— Мда… — покачал головой Леонтий Васильевич, но с доброй улыбкой. — Что-то подобное я и ожидал. Ладно, поедемте уже. Признаться, я уже немало замерз.
— Я могу отказаться?
— Если желаете, чтобы Государь подумал, будто бы вы действительно собирались сбежать — отказывайтесь. Будем честны — остановить вас едва ли у меня получится, даже если бы я захотел.
— Хм… — фыркнул Толстой, подходя ближе и садясь в возок…
Сначала они отправились в банкирский дом «Штиглиц и К°», который располагался на самом краю Английской набережной. Оформили все честь по чести. Сумма-то приличная. Сто пятьдесят тысяч рублей золотом.
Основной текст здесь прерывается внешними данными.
lemma continuous_map_gmult:
  assumes "topological_groupoid G" "continuous_map Z (gtop G) a" "continuous_map Z (gtop G) b"
    and "\<And>z. z \<in> topspace Z \<Longrightarrow> gsrc G (a z) = grng G (b z)"
  shows "continuous_map Z (gtop G) (\<lambda>z. gmult G (a z) (b z))"
proof -
  have mult: "continuous_map (subtopology (prod_topology (gtop G) (gtop G)) (gcomposable G))
      (gtop G) (\<lambda>(g, h). gmult G g h)"
    using assms(1) unfolding topological_groupoid_def by blast
  have "continuous_map Z (prod_topology (gtop G) (gtop G)) (\<lambda>z. (a z, b z))"
    using assms(2,3) by (simp add: continuous_map_paired)
  then have "continuous_map Z (subtopology (prod_topology (gtop G) (gtop G)) (gcomposable G))
      (\<lambda>z. (a z, b z))"
    by (rule continuous_map_into_subtopology)
       (use assms(4) continuous_map_funspace[OF assms(2)] continuous_map_funspace[OF assms(3)]
         in \<open>auto simp: gcomposable_def garr_def\<close>)
  from continuous_map_compose[OF this mult] show ?thesis
    by (simp add: o_def)
qed

lemma etale_range_local_section:
  assumes "etale_groupoid G" "a \<in> garr G"
  obtains U \<phi> where "openin (gtop G) U" "a \<in> U" "openin (unit_top G) (grng G ` U)"
    "continuous_map (subtopology (unit_top G) (grng G ` U)) (gtop G) \<phi>"
    "\<forall>u\<in>U. \<phi> (grng G u) = u"
proof -
  obtain U where U: "openin (gtop G) U" "a \<in> U" "openin (unit_top G) (grng G ` U)"
      "homeomorphic_map (subtopology (gtop G) U) (subtopology (unit_top G) (grng G ` U)) (grng G)"
    using assms unfolding etale_groupoid_def local_homeo_def garr_def by blast
  then obtain \<phi> where \<phi>:
    "homeomorphic_maps (subtopology (gtop G) U) (subtopology (unit_top G) (grng G ` U)) (grng G) \<phi>"
    using homeomorphic_map_maps by blast
  have c: "continuous_map (subtopology (unit_top G) (grng G ` U)) (subtopology (gtop G) U) \<phi>"
    using \<phi> unfolding homeomorphic_maps_def by blast
  show ?thesis
  proof (rule that[OF U(1-3)])
    show "continuous_map (subtopology (unit_top G) (grng G ` U)) (gtop G) \<phi>"
      using continuous_map_into_fulltopology[OF c] .
    show "\<forall>u\<in>U. \<phi> (grng G u) = u"
    proof
      fix u assume "u \<in> U"
      then have "u \<in> topspace (subtopology (gtop G) U)"
        using openin_subset[OF U(1)] by auto
      then show "\<phi> (grng G u) = u"
        using \<phi> unfolding homeomorphic_maps_def by blast
    qed
  qed
qed
lemma sol_translate:
  fixes y :: "real^'n"
  assumes S: "sol I K A R t0 u Du" and cone: "open_cone I K"
    and y: "xp I y = 0" and R': "0 < R'" "R' < R"
    and incK: "\<And>z. z \<in> cylK I K \<rho> s \<Longrightarrow> z + (y, 0) \<in> cylK I K R' t0"
    and incF: "\<And>z. z \<in> cylF I \<rho> s \<Longrightarrow> z + (y, 0) \<in> cylF I R' t0"
  shows "sol I K A \<rho> s (\<lambda>z. u (z + (y, 0))) (\<lambda>z. Du (z + (y, 0)))"
  unfolding sol_def
proof (intro conjI allI impI)
  fix \<rho>'
  assume \<rho>': "0 < \<rho>' \<and> \<rho>' < \<rho>"
  have VK: "Vspace (cylK I K R' t0) u Du"
    and VF: "Vspace (cylF I R' t0) (\<lambda>z. if xp I (fst z) \<in> K then u z else 0)
      (\<lambda>z. if xp I (fst z) \<in> K then Du z else 0)"
    using S R' unfolding sol_def by blast+
  show "Vspace (cylK I K \<rho>' s) (\<lambda>z. u (z + (y, 0))) (\<lambda>z. Du (z + (y, 0)))"
  proof (rule Vspace_subset[OF Vspace_translate[OF VK]])
    show "cylK I K \<rho>' s \<subseteq> (\<lambda>z. z + (y, 0)) -` cylK I K R' t0"
      using cylK_mono[of \<rho>' \<rho>] \<rho>' incK by fastforce
  qed (auto intro: cylK_borel cone)
  have "Vspace ((\<lambda>z. z + (y, 0)) -` cylF I R' t0)
      (\<lambda>z. if xp I (fst z) \<in> K then u (z + (y, 0)) else 0)
      (\<lambda>z. if xp I (fst z) \<in> K then Du (z + (y, 0)) else 0)"
    using Vspace_translate[OF VF, of "(y, 0)"] by (simp add: xp_add y)
  then show "Vspace (cylF I \<rho>' s) (\<lambda>z. if xp I (fst z) \<in> K then u (z + (y, 0)) else 0)
      (\<lambda>z. if xp I (fst z) \<in> K then Du (z + (y, 0)) else 0)"
  proof (rule Vspace_subset)
    show "cylF I \<rho>' s \<subseteq> (\<lambda>z. z + (y, 0)) -` cylF I R' t0"
      using cylF_mono[of \<rho>' \<rho>] \<rho>' incF by fastforce
  qed (auto intro: cylF_borel)
next
  fix \<phi> g
  assume "test_fun (interior (cylK I K \<rho> s)) \<phi> g"
  moreover have "z + (y, 0) \<in> cylK I K R t0" if "z \<in> cylK I K \<rho> s" for z
    using incK[OF that] cylK_mono[of R' R] R' by auto
  ultimately show "set_lebesgue_integral lebesgue (cylK I K \<rho> s)
      (\<lambda>z. - u (z + (y, 0)) * snd (g z) + (A (snd z) *v Du (z + (y, 0))) \<bullet> fst (g z)) = 0"
    using S unfolding sol_def
    by (intro weak_equation_translate[where Q="cylK I K R t0"]) auto
qed

section \<open>Changing the parameter of the boundary estimate\<close>

definition esssup_abs_on :: "((real^'n) \<times> real) set \<Rightarrow> ((real^'n) \<times> real \<Rightarrow> real) \<Rightarrow> ereal"
  where "esssup_abs_on Q u = esssup lebesgue (\<lambda>w. if w \<in> Q then ereal \<bar>u w\<bar> else 0)"

definition boundary_estimate ::
    "'n set \<Rightarrow> (real^'n) set \<Rightarrow> (real \<Rightarrow> real^'n^'n) \<Rightarrow> real \<Rightarrow> real \<Rightarrow> real \<Rightarrow> bool"
  where "boundary_estimate I K A \<kappa> lam C \<longleftrightarrow> (\<forall>t0 R u Du. 0 < R \<and> sol I K A R t0 u Du \<longrightarrow>
    (AE z in lebesgue. z \<in> cylK I K (R/2) t0 \<longrightarrow>
      ereal \<bar>u z\<bar> \<le> ereal (C * (norm (xp I (fst z)) / R) powr lam) *
        esssup_abs_on (cylK I K (\<kappa> * R) t0) u))"

lemma holds_est_iff_boundary_estimate:
  "holds_est I K A \<kappa> lam \<longleftrightarrow> (\<exists>C. boundary_estimate I K A \<kappa> lam C)"
  unfolding holds_est_def boundary_estimate_def esssup_abs_on_def ..

lemma esssup_abs_on_nonneg:
  fixes Q :: "((real^'n) \<times> real) set"
  shows "0 \<le> esssup_abs_on Q u"
proof -
  have "emeasure lebesgue (space lebesgue :: ((real^'n) \<times> real) set) \<noteq> 0"
    by (simp add: emeasure_completion)
  then have "esssup lebesgue (\<lambda>x::(real^'n) \<times> real. 0::ereal) = 0"
    by (rule esssup_const)
  moreover have "esssup lebesgue (\<lambda>x::(real^'n) \<times> real. 0::ereal) \<le> esssup_abs_on Q u"
    unfolding esssup_abs_on_def by (rule esssup_mono) auto
  ultimately show ?thesis
    by simp
qed

lemma AE_abs_le_esssup_abs_on:
  "AE z in lebesgue. z \<in> Q \<longrightarrow> ereal \<bar>u z\<bar> \<le> esssup_abs_on Q u"
  using esssup_AE[where M=lebesgue and f="\<lambda>w. if w \<in> Q then ereal \<bar>u w\<bar> else 0"]
  unfolding esssup_abs_on_def by (rule eventually_mono) auto

lemma esssup_abs_on_translate_le:
  assumes meas: "set_borel_measurable lebesgue Q (\<lambda>z. u (z + w))"
    and sub: "\<And>z. z \<in> Q \<Longrightarrow> z + w \<in> Q'"
  shows "esssup_abs_on Q (\<lambda>z. u (z + w)) \<le> esssup_abs_on Q' u"
proof -
  have "(\<lambda>z. if z \<in> Q then ereal \<bar>u (z + w)\<bar> else 0) = (\<lambda>z. ereal \<bar>indicator Q z *\<^sub>R u (z + w)\<bar>)"
    by (auto simp: indicator_def)
  then have "(\<lambda>z. if z \<in> Q then ereal \<bar>u (z + w)\<bar> else 0) \<in> borel_measurable lebesgue"
    using meas unfolding set_borel_measurable_def by simp
  moreover have "AE z in lebesgue. (if z \<in> Q then ereal \<bar>u (z + w)\<bar> else 0) \<le> esssup_abs_on Q' u"
    using AE_lebesgue_translate[OF AE_abs_le_esssup_abs_on[of Q' u], of w]
    by eventually_elim (use sub esssup_abs_on_nonneg in auto)
  ultimately show ?thesis
    unfolding esssup_abs_on_def[of Q] by (rule esssup_I)
qed

lemma null_sets_time_slice: "{z::(real^'n) \<times> real. snd z = t0} \<in> null_sets lebesgue"
proof -
  have "{z::(real^'n) \<times> real. snd z = t0} = {z. (0, 1) \<bullet> z = t0}"
    by (auto simp: inner_prod_def)
  moreover have "negligible {z::(real^'n) \<times> real. (0, 1) \<bullet> z = t0}"
    by (rule negligible_hyperplane) (simp add: zero_prod_def)
  ultimately show ?thesis
    by (simp add: negligible_iff_null_sets)
qed

lemma boundary_estimate_max_0:
  assumes "boundary_estimate I K A \<kappa> lam C"
  shows "boundary_estimate I K A \<kappa> lam (max C 0)"
  unfolding boundary_estimate_def
proof (intro allI impI)
  fix t0 R u Du
  assume "0 < R \<and> sol I K A R t0 u Du"
  with assms have "AE z in lebesgue. z \<in> cylK I K (R/2) t0 \<longrightarrow>
      ereal \<bar>u z\<bar> \<le> ereal (C * (norm (xp I (fst z)) / R) powr lam) *
        esssup_abs_on (cylK I K (\<kappa> * R) t0) u"
    unfolding boundary_estimate_def by blast
  then show "AE z in lebesgue. z \<in> cylK I K (R/2) t0 \<longrightarrow>
      ereal \<bar>u z\<bar> \<le> ereal (max C 0 * (norm (xp I (fst z)) / R) powr lam) *
        esssup_abs_on (cylK I K (\<kappa> * R) t0) u"
  proof eventually_elim
    case (elim z)
    have "ereal (C * (norm (xp I (fst z)) / R) powr lam) * esssup_abs_on (cylK I K (\<kappa> * R) t0) u
        \<le> ereal (max C 0 * (norm (xp I (fst z)) / R) powr lam) * esssup_abs_on (cylK I K (\<kappa> * R) t0) u"
      by (intro ereal_mult_right_mono esssup_abs_on_nonneg) (simp add: mult_right_mono)
    with elim show ?case
      by (blast intro: order.trans)
  qed
qed
(* Let $N\geq 1$ be an integer. Then for all $0<x<\pi/2$, \[ 2+\sum_{k=1}^{N-1}\frac{k\cdot 2^{2k+3}|B_{2k+2}|}{(2k+2)!}x^{2k+2}+p_N x^{2N+1}\tan x<\left(\frac{x}{\sin x}\right)^2+\frac{x}{\tan x}<2+\sum_{k=1}^{N-1}\frac{k\cdot 2^{2k+3}|B_{2k+2}|}{(2k+2)!}x^{2k+2}+q_N x^{2N+1}\tan x, \] with the best possible constants $p_N=0$ and $q_N=\dfrac{N\cdot 2^{2N+3}|B_{2N+2}|}{(2N+2)!}$.
   Context: The Bernoulli numbers $B_n$ are defined by $\frac{t}{e^t-1}=\sum_{n=0}^\infty B_n\frac{t^n}{n!}$ for $|t|<2\pi$. An empty sum is understood to be zero. *)

theory Defs
  imports "HOL-Analysis.Analysis"
begin

definition bernoulli :: "nat \<Rightarrow> real" where
  "bernoulli = (THE B. \<forall>t::real. 0 < \<bar>t\<bar> \<and> \<bar>t\<bar> < 2 * pi \<longrightarrow>
       (\<lambda>n. B n * t ^ n / fact n) sums (t / (exp t - 1)))"

definition thm8_coeff :: "nat \<Rightarrow> real" where
  "thm8_coeff k = real k * 2 ^ (2 * k + 3) * \<bar>bernoulli (2 * k + 2)\<bar> / fact (2 * k + 2)"

definition thm8_bound :: "nat \<Rightarrow> real \<Rightarrow> real \<Rightarrow> real" where
  "thm8_bound N c x = 2 + (\<Sum>k = 1..N - 1. thm8_coeff k * x ^ (2 * k + 2))
                       + c * x ^ (2 * N + 1) * tan x"

end

theory Submission
  imports Defs
begin

text \<open>Expanding the partial fractions of the cotangent geometrically gives
  \<open>x cot x = 1 - (\<Sum>j. c j * x^(2j+2))\<close> with \<open>c j = 2 \<zeta>(2j+2) / \<pi>^(2j+2)\<close>, and the same
  identity at the imaginary point \<open>i t/2\<close> yields \<open>|B(2j+2)| = c j (2j+2)! / 4^(j+1)\<close>.
  Since \<open>(x / sin x)\<^sup>2 = x cot x - x (x cot x)'\<close>, the left-hand side is
  \<open>2 + (\<Sum>k. 2 k c k * x^(2k+2))\<close>, a series with exactly the coefficients of the theorem,
  all positive: this is the lower bound. For the upper bound the tail from \<open>N\<close> on is
  compared termwise with \<open>2 N c N x^(2N)\<close> times \<open>x tan x = (\<Sum>j. (4^(j+1) - 1) c j x^(2j+2))\<close>,
  which only needs that \<open>\<zeta>\<close> decreases, \<open>\<zeta> \<ge> 1\<close> and \<open>\<pi>\<^sup>2 < 10\<close>. The constants are
  optimal because near \<open>\<pi>/2\<close> the left-hand side stays bounded while \<open>x^(2N+1) tan x\<close>
  does not, and near \<open>0\<close> the tail is \<open>2 N c N x^(2N+2)\<close> up to higher order terms.\<close>

section \<open>Partial fractions of the cotangent\<close>

lemma pi_cot_eq_Digamma_diff:
  fixes z :: complex
  assumes z: "z \<notin> \<int>"
  shows "of_real pi * cot (of_real pi * z) = Digamma (1 - z) - Digamma z"
proof -
  have z': "1 - z \<notin> \<int>"
    using z Ints_diff[OF Ints_1, of "1 - z"] by auto
  have nonpos: "z \<notin> \<int>\<^sub>\<le>\<^sub>0" "1 - z \<notin> \<int>\<^sub>\<le>\<^sub>0"
    using z z' nonpos_Ints_subset_Ints by blast+
  have "((\<lambda>u. rGamma u * rGamma (1 - u)) has_field_derivative
          rGamma z * rGamma (1 - z) * (Digamma (1 - z) - Digamma z)) (at z)"
    by (auto intro!: derivative_eq_intros has_field_derivative_rGamma_no_nonpos_int
        DERIV_chain2[of rGamma] simp: nonpos algebra_simps)
  moreover have "((\<lambda>u. rGamma u * rGamma (1 - u)) has_field_derivative cos (of_real pi * z)) (at z)"
    unfolding rGamma_reflection_complex by (auto intro!: derivative_eq_intros)
  ultimately have "rGamma z * rGamma (1 - z) * (Digamma (1 - z) - Digamma z) = cos (of_real pi * z)"
    by (rule DERIV_unique)
  moreover have "sin (of_real pi * z) \<noteq> 0"
    using z by (auto simp: sin_eq_0 field_simps)
  ultimately show ?thesis
    by (simp add: rGamma_reflection_complex cot_def field_simps)
qed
Присутствие же Дубельта избавило от многих формальностей и вопросов.
Деньги Лев Николаевич принял и тут же сдал на открытый ему счет. Мог бы, конечно, и забрать. Но в золоте это около двух центнеров. Да и банкнотами в «четвертаках» аж шестьдесят пачек по сто купюр. Не говоря уже о том, что болтаться по городу с ТАКИМИ деньгами попросту опасно.
Оформили все чин по чину.
Тепло попрощались с руководством банка.
И поехали в Зимний дворец, благо, что время не поджимало. Хотя Дубельт и поглядывал на часы.
Добрались.
Зашли.
Без малейших приключений. Лев был в форме драгунского штабс-ротмистра с крестами Георгия, Анны и Станислава на груди и «клюквой» на сабле. Что делало его бравым боевым офицером. К тому же перстень кабинетный на пальце, обязательный к ношению. Золотой, с бриллиантами. Такой не каждому давали. И трость тоже под стать. Надежным. Своим. Иначе бы так наградами не осыпали. Да еще рядом с Дубельтом, которого во дворце… да и вообще в столице знала каждая собака…
— И как это понимать? — тихим, но твердым голосом поинтересовался Леонтий Васильевич у секретаря.
— Государь никого не принимает. Ему нездоровится.
— Позовите лейб-медика.
— Сей момент. — ответил он и ненадолго скрылся за дверью.
Он вышел.
Встревоженный и раздраженный. Снял марлевую повязку и произнес:
— Леонтий Васильевич, это не самое удобное время для разговора.
— Почему меня не пускают к Государю?
— Он занедужил.
— Вчера вечером он был еще вполне здоров.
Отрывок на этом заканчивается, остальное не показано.